08/28-16:29:42.684194 delphi-002 DAOS[279252/279298] rpc  ERR  src/cart/crt_context.c:1316 crt_progress() crt_hg_progress failed, rc: -1020.
08/28-16:29:42.684201 delphi-002 DAOS[279252/279298] server ERR  src/iosrv/srv.c:565 dss_srv_handler() failed to progress CART context: -1020
08/28-16:30:42.684033 delphi-002 DAOS[279252/279298] rpc  ERR  src/cart/crt_context.c:790 crt_context_timeout_check(0x7fcd8d7a3870) [opc=0x1010007 rpcid=0x6608781e00000134 rank:tag=1:0] ctx_id 0, (status: 0x38) timed out, tgt rank 1, tag 0

And on rank 1:
08/28-16:07:42.807417 delphi-002 DAOS[279251/279299] rpc  ERR  src/cart/crt_context.c:790 crt_context_timeout_check(0x7fc6f820aba0) [opc=0xfe000000 rpcid=0x642008fe00000128 rank:tag=0:0] ctx_id 0, (status: 0x38) timed out, tgt rank 0, tag 0
08/28-16:07:42.807443 delphi-002 DAOS[279251/279299] rpc  ERR  src/cart/crt_context.c:748 crt_req_timeout_hdlr(0x7fc6f820aba0) [opc=0xfe000000 rpcid=0x642008fe00000128 rank:tag=0:0] aborting to group daos_server, rank 0, tgt_uri (null)
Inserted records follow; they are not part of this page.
lemma centralizer_subspace: "V.subspace (centralizer n A)"
  by (auto simp: V.subspace_def centralizer_def zero_in_gl add_in_gl mscale_in_gl mmult_add_left
      mmult_add_right mmult_scale_left mmult_scale_right mmult_zero_left mmult_zero_right)

lemma (in vector_space) independent_image_if_coefficients_zero:
  assumes "finite I" and coeffs: "\<And>c. (\<Sum>i\<in>I. c i *s f i) = 0 \<Longrightarrow> \<forall>i\<in>I. c i = 0"
  shows "inj_on f I" and "independent (f ` I)"
proof -
  show inj: "inj_on f I"
  proof (rule inj_onI, rule ccontr)
    fix a b assume ab: "a \<in> I" "b \<in> I" "f a = f b" "a \<noteq> b"
    let ?c = "\<lambda>i. (if i = a then 1 else 0) - (if i = b then 1 else (0::'a))"
    have "(\<Sum>i\<in>I. ?c i *s f i) = 0"
      using ab \<open>finite I\<close>
      by (simp add: scale_left_diff_distrib sum_subtractf if_distrib [where f = "\<lambda>x. x *s f _"]
          cong: if_cong)
    from coeffs[OF this] ab(1) have "?c a = 0" by (rule bspec)
    with ab show False by simp
  qed
  show "independent (f ` I)"
  proof (rule independent_if_scalars_zero)
    fix g x assume "(\<Sum>x\<in>f ` I. g x *s x) = 0" "x \<in> f ` I"
    then show "g x = 0" using coeffs[of "g \<circ> f"] by (auto simp: sum.reindex[OF inj])
  qed (use \<open>finite I\<close> in simp)
qed

text \<open>Vectors of \<open>\<complex>\<^sup>n\<close> are functions \<^typ>\<open>nat \<Rightarrow> complex\<close> of which only the values below
  \<open>n\<close> matter.\<close>

definition cyclic_vector :: "nat \<Rightarrow> cmat \<Rightarrow> (nat \<Rightarrow> complex) \<Rightarrow> bool" where
  "cyclic_vector n A v \<longleftrightarrow>
     (\<forall>u. \<exists>c. \<forall>i<n. u i = (\<Sum>m<n. c m * mvmult n (mpow n A m) v i)) \<and>
     (\<forall>c. (\<forall>i<n. (\<Sum>m<n. c m * mvmult n (mpow n A m) v i) = 0) \<longrightarrow> (\<forall>m<n. c m = 0))"

lemma cyclic_vector_spans:
  "cyclic_vector n A v \<Longrightarrow> \<exists>c. \<forall>i<n. u i = (\<Sum>m<n. c m * mvmult n (mpow n A m) v i)"
  by (simp add: cyclic_vector_def)

lemma cyclic_vector_independent:
  "cyclic_vector n A v \<Longrightarrow> (\<And>i. i < n \<Longrightarrow> (\<Sum>m<n. c m * mvmult n (mpow n A m) v i) = 0) \<Longrightarrow>
    m < n \<Longrightarrow> c m = 0"
  by (simp add: cyclic_vector_def)

lemma mvmult_lincomb:
  "mvmult n X (\<lambda>k. \<Sum>m\<in>S. c m * w m k) i = (\<Sum>m\<in>S. c m * mvmult n X (w m) i)"
  by (simp add: mvmult_def sum_distrib_left mult.left_commute) (rule sum.swap)

lemma mvmult_unit_vec: "j < n \<Longrightarrow> mvmult n X (unit_vec j) i = X i j"
  by (simp add: mvmult_def unit_vec_def if_distrib [where f = "\<lambda>a. b * a" for b] cong: if_cong)

lemma mvmult_diff_left: "mvmult n (X - Y) v = mvmult n X v - mvmult n Y v"
  by (simp add: mvmult_def fun_eq_iff sum_subtractf left_diff_distrib)

lemma centralizer_eq_zero_if_annihilates_cyclic:
  assumes cyc: "cyclic_vector n A v" and X: "X \<in> centralizer n A"
    and Xv: "\<And>i. i < n \<Longrightarrow> mvmult n X v i = 0"
  shows "X = 0"
proof (rule gl_eqI)
  show "X \<in> gl n" "0 \<in> gl n" using X by (simp_all add: centralizer_def zero_in_gl)
next
  fix i j assume ij: "i < n" "j < n"
  have X_powers: "mvmult n X (mvmult n (mpow n A m) v) i = 0" for m
  proof -
    have "mvmult n X (mvmult n (mpow n A m) v) = mvmult n (mmult n X (mpow n A m)) v"
      by (rule mvmult_mmult[symmetric])
    also have "\<dots> = mvmult n (mmult n (mpow n A m) X) v"
      using centralizer_commutes_mpow[OF X, of m] by (rule arg_cong)
    also have "\<dots> = mvmult n (mpow n A m) (mvmult n X v)"
      by (rule mvmult_mmult)
    also have "\<dots> = mvmult n (mpow n A m) (\<lambda>_. 0)"
      by (rule mvmult_cong) (rule Xv)
    finally show ?thesis by (simp add: mvmult_def)
  qed
  obtain c where c: "\<forall>k<n. unit_vec j k = (\<Sum>m<n. c m * mvmult n (mpow n A m) v k)"
    using cyclic_vector_spans[OF cyc, of "unit_vec j"] by blast
  have "X i j = mvmult n X (unit_vec j) i"
    using ij by (simp add: mvmult_unit_vec)
  also have "\<dots> = mvmult n X (\<lambda>k. \<Sum>m<n. c m * mvmult n (mpow n A m) v k) i"
    using c by (subst mvmult_cong[of n _ "\<lambda>k. \<Sum>m<n. c m * mvmult n (mpow n A m) v k"]) simp_all
  also have "\<dots> = 0"
    by (simp add: mvmult_lincomb X_powers)
  finally show "X i j = 0 i j" by simp
qed

lemma centralizer_subset_span_mpow:
  assumes "A \<in> gl n" "cyclic_vector n A v"
  shows "centralizer n A \<subseteq> V.span (mpow n A ` {..<n})"
proof
  fix X assume X: "X \<in> centralizer n A"
  obtain c where c: "\<forall>i<n. mvmult n X v i = (\<Sum>m<n. c m * mvmult n (mpow n A m) v i)"
    using cyclic_vector_spans[OF assms(2), of "mvmult n X v"] by blast
  define Y where "Y = (\<Sum>m<n. mscale (c m) (mpow n A m))"
  have Y_span: "Y \<in> V.span (mpow n A ` {..<n})"
    unfolding Y_def by (intro V.span_sum V.span_scale V.span_base) auto
  have "Y \<in> centralizer n A"
    unfolding Y_def
    by (intro V.subspace_sum V.subspace_scale centralizer_subspace mpow_in_centralizer assms(1))
  then have "X - Y \<in> centralizer n A"
    using X by (rule V.subspace_diff[OF centralizer_subspace, rotated])
  moreover have "mvmult n (X - Y) v i = 0" if "i < n" for i
  proof -
    have "mvmult n Y v i = (\<Sum>m<n. c m * mvmult n (mpow n A m) v i)"
      unfolding Y_def by (rule mvmult_sum_scale)
    then show ?thesis using c that by (simp add: mvmult_diff_left)
  qed
  ultimately have "X - Y = 0"
    by (rule centralizer_eq_zero_if_annihilates_cyclic[OF assms(2)])
  then show "X \<in> V.span (mpow n A ` {..<n})" using Y_span by (simp only: right_minus_eq)
qed

lemma mpow_coefficients_zero:
  assumes "cyclic_vector n A v" "(\<Sum>m<n. mscale (c m) (mpow n A m)) = 0"
  shows "\<forall>m\<in>{..<n}. c m = 0"
proof -
  have "(\<Sum>m<n. c m * mvmult n (mpow n A m) v i) = mvmult n (\<Sum>m<n. mscale (c m) (mpow n A m)) v i"
    for i by (rule mvmult_sum_scale[symmetric])
  then have "(\<Sum>m<n. c m * mvmult n (mpow n A m) v i) = 0" for i
    by (simp add: assms(2) mvmult_def)
  then show ?thesis using cyclic_vector_independent[OF assms(1)] by blast
qed

lemma cdim_centralizer_cyclic:
  assumes "A \<in> gl n" "cyclic_vector n A v"
  shows "cdim (centralizer n A) = n"
proof -
  note coeffs = mpow_coefficients_zero[OF assms(2)]
  have inj: "inj_on (mpow n A) {..<n}"
    by (rule V.independent_image_if_coefficients_zero(1)[OF finite_lessThan coeffs])
  have indep: "V.independent (mpow n A ` {..<n})"
    by (rule V.independent_image_if_coefficients_zero(2)[OF finite_lessThan coeffs])
  show ?thesis
    unfolding cdim_def
  proof (rule V.dim_unique[OF _ centralizer_subset_span_mpow[OF assms] indep])
    show "mpow n A ` {..<n} \<subseteq> centralizer n A" using mpow_in_centralizer[OF assms(1)] by auto
    show "card (mpow n A ` {..<n}) = n" using card_image[OF inj] by simp
  qed
qed

lemma triangular_family_spans:
  fixes w :: "nat \<Rightarrow> nat \<Rightarrow> 'a::field"
  assumes r: "bij_betw r {..<n} {..<n}"
    and lower: "\<And>m i. i < n \<Longrightarrow> m < r i \<Longrightarrow> w m i = 0"
    and diag: "\<And>i. i < n \<Longrightarrow> w (r i) i \<noteq> 0"
  shows "\<exists>c. \<forall>i<n. u i = (\<Sum>m<n. c m * w m i)"
proof -
  have reduce: "\<exists>c. \<forall>i<n. u i = (\<Sum>m<n. c m * w m i)"
    if "t \<le> n" and "\<And>i. i < n \<Longrightarrow> t \<le> r i \<Longrightarrow> u i = 0" for t and u :: "nat \<Rightarrow> 'a"
    using that
  proof (induction t arbitrary: u)
    case 0
    then show ?case by (intro exI[of _ "\<lambda>_. 0"]) simp
  next
    case (Suc t)
    have "t \<in> r ` {..<n}" using r Suc.prems(1) by (simp add: bij_betw_def)
    then obtain i0 where i0: "i0 < n" "r i0 = t" by auto
    define a where "a = u i0 / w t i0"
    have "u i - a * w t i = 0" if i: "i < n" "t \<le> r i" for i
    proof (cases "r i = t")
      case True
      then have "i = i0"
        using i0 i inj_onD[OF bij_betw_imp_inj_on[OF r], of i i0] by simp
      then show ?thesis using diag[OF i0(1)] i0 by (simp add: a_def)
    next
      case False
      then show ?thesis using i Suc.prems(2) lower[of i t] by simp
    qed
    then obtain c where c: "\<forall>i<n. u i - a * w t i = (\<Sum>m<n. c m * w m i)"
      using Suc.IH[of "\<lambda>i. u i - a * w t i"] Suc.prems(1) by auto
    have "(\<Sum>m<n. (c m + (if m = t then a else 0)) * w m i) = (\<Sum>m<n. c m * w m i) + a * w t i"
      for i using Suc.prems(1)
      by (simp add: distrib_right sum.distrib if_distrib [where f = "\<lambda>x. x * b" for b]
          cong: if_cong)
    then have "\<forall>i<n. u i = (\<Sum>m<n. (c m + (if m = t then a else 0)) * w m i)"
      using c by (simp add: diff_eq_eq)
    then show ?case by (rule exI[where x = "\<lambda>m. c m + (if m = t then a else 0)"])
  qed
  have "r i < n" if "i < n" for i
    using bij_betwE[OF r] that by simp
  then show ?thesis
    by (intro reduce[OF order.refl]) (meson not_le)
qed

lemma triangular_family_independent:
  fixes w :: "nat \<Rightarrow> nat \<Rightarrow> 'a::field"
  assumes r: "bij_betw r {..<n} {..<n}"
    and lower: "\<And>m i. i < n \<Longrightarrow> m < r i \<Longrightarrow> w m i = 0"
    and diag: "\<And>i. i < n \<Longrightarrow> w (r i) i \<noteq> 0"
    and zero: "\<And>i. i < n \<Longrightarrow> (\<Sum>m<n. c m * w m i) = 0"
  shows "\<forall>m<n. c m = 0"
proof (rule ccontr)
  assume "\<not> (\<forall>m<n. c m = 0)"
  then have ne: "{m. m < n \<and> c m \<noteq> 0} \<noteq> {}" by auto
  define M where "M = Max {m. m < n \<and> c m \<noteq> 0}"
  have M: "M < n" "c M \<noteq> 0"
    using Max_in[OF _ ne] unfolding M_def by auto
  have above_M: "c m = 0" if "m < n" "M < m" for m
    using Max_ge[of "{m. m < n \<and> c m \<noteq> 0}" m] that unfolding M_def by fastforce
  have "M \<in> r ` {..<n}" using r M(1) by (simp add: bij_betw_def)
  then obtain i where i: "i < n" "r i = M" by auto
  have "(\<Sum>m<n. c m * w m i) = (\<Sum>m<n. if m = M then c M * w M i else 0)"
  proof (rule sum.cong[OF refl])
    fix m assume "m \<in> {..<n}"
    then show "c m * w m i = (if m = M then c M * w M i else 0)"
      using i lower[of i m] above_M[of m] by (cases m M rule: linorder_cases) auto
  qed
  also have "\<dots> = c M * w M i" using M by simp
  finally show False using zero[OF i(1)] M diag[OF i(1)] i by simp
qed

section \<open>The matrix \<open>J\<close> and its inverse\<close>

definition tri_ones :: "nat \<Rightarrow> cmat" where
  "tri_ones n = (\<lambda>i j. if i + j < n then 1 else 0)"

definition tri_ones_inv :: "nat \<Rightarrow> cmat" where
  "tri_ones_inv n = (\<lambda>i j. if i < n \<and> j < n
     then (if i + j = n - 1 then 1 else 0) - (if i + j = n then 1 else 0) else 0)"

lemma tri_ones_in_gl: "tri_ones n \<in> gl n"
  and tri_ones_inv_in_gl: "tri_ones_inv n \<in> gl n"
  by (auto simp: gl_def tri_ones_def tri_ones_inv_def)

lemma F_eq_trace_form: "F n = (\<lambda>X. mtrace n (mmult n (tri_ones n) X))"
proof
  fix X
  have "mtrace n (mmult n (tri_ones n) X) = (\<Sum>i<n. \<Sum>k<n. if i + k < n then X k i else 0)"
    by (simp add: mtrace_def mmult_def tri_ones_def if_distrib [where f = "\<lambda>x. x * b" for b]
        cong: if_cong)
  also have "\<dots> = (\<Sum>k<n. \<Sum>i<n. if i + k < n then X k i else 0)"
    by (rule sum.swap)
  also have "\<dots> = (\<Sum>k<n. \<Sum>i<n - k. X k i)"
  proof (rule sum.cong[OF refl])
    fix k
    have "(\<Sum>i<n. if i + k < n then X k i else 0) = sum (X k) {i \<in> {..<n}. i + k < n}"
      by (rule sum.inter_filter[symmetric]) simp
    also have "{i \<in> {..<n}. i + k < n} = {..<n - k}" by auto
    finally show "(\<Sum>i<n. if i + k < n then X k i else 0) = (\<Sum>i<n - k. X k i)" .
  qed
  finally show "F n X = mtrace n (mmult n (tri_ones n) X)" by (simp add: F_def)
qed

lemma mvmult_tri_ones_inv:
  assumes "i < n"
  shows "mvmult n (tri_ones_inv n) u i = u (n - 1 - i) - (if i = 0 then 0 else u (n - i))"
proof -
  have "mvmult n (tri_ones_inv n) u i
      = (\<Sum>k<n. if k = n - 1 - i then u k else 0) - (\<Sum>k<n. if k = n - i then u k else 0)"
    unfolding mvmult_def sum_subtractf[symmetric]
    by (rule sum.cong) (use assms in \<open>auto simp: tri_ones_inv_def\<close>)
  then show ?thesis using assms by simp
qed

lemma mmult_tri_ones_inv_left:
  assumes "Y \<in> gl n" "i < n"
  shows "mmult n (tri_ones_inv n) Y i j = Y (n - 1 - i) j - Y (n - i) j"
  using mvmult_tri_ones_inv[OF assms(2), of "\<lambda>k. Y k j"] assms
  by (simp add: mmult_def mvmult_def glD)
08/28-16:07:45.208410 delphi-002 DAOS[279251/279299] rpc  ERR  src/cart/crt_context.c:790 crt_context_timeout_check(0x7fc6f820b3f0) [opc=0xfe000000 rpcid=0x642008fe00000129 rank:tag=0:0] ctx_id 0, (status: 0x38) timed out, tgt rank 0, tag 0
08/28-16:07:45.208419 delphi-002 DAOS[279251/279299] rpc  ERR  src/cart/crt_context.c:748 crt_req_timeout_hdlr(0x7fc6f820b3f0) [opc=0xfe000000 rpcid=0x642008fe00000129 rank:tag=0:0] aborting to group daos_server, rank 0, tgt_uri (null)
08/28-16:07:47.609419 delphi-002 DAOS[279251/279299] rpc  ERR  src/cart/crt_context.c:790 crt_context_timeout_check(0x7fc6f820be90) [opc=0xfe000000 rpcid=0x642008fe0000012a rank:tag=0:0] ctx_id 0, (status: 0x38) timed out, tgt rank 0, tag 0
08/28-16:07:47.609428 delphi-002 DAOS[279251/279299] rpc  ERR  src/cart/crt_context.c:748 crt_req_timeout_hdlr(0x7fc6f820be90) [opc=0xfe000000 rpcid=0x642008fe0000012a rank:tag=0:0] aborting to group daos_server, rank 0, tgt_uri (null)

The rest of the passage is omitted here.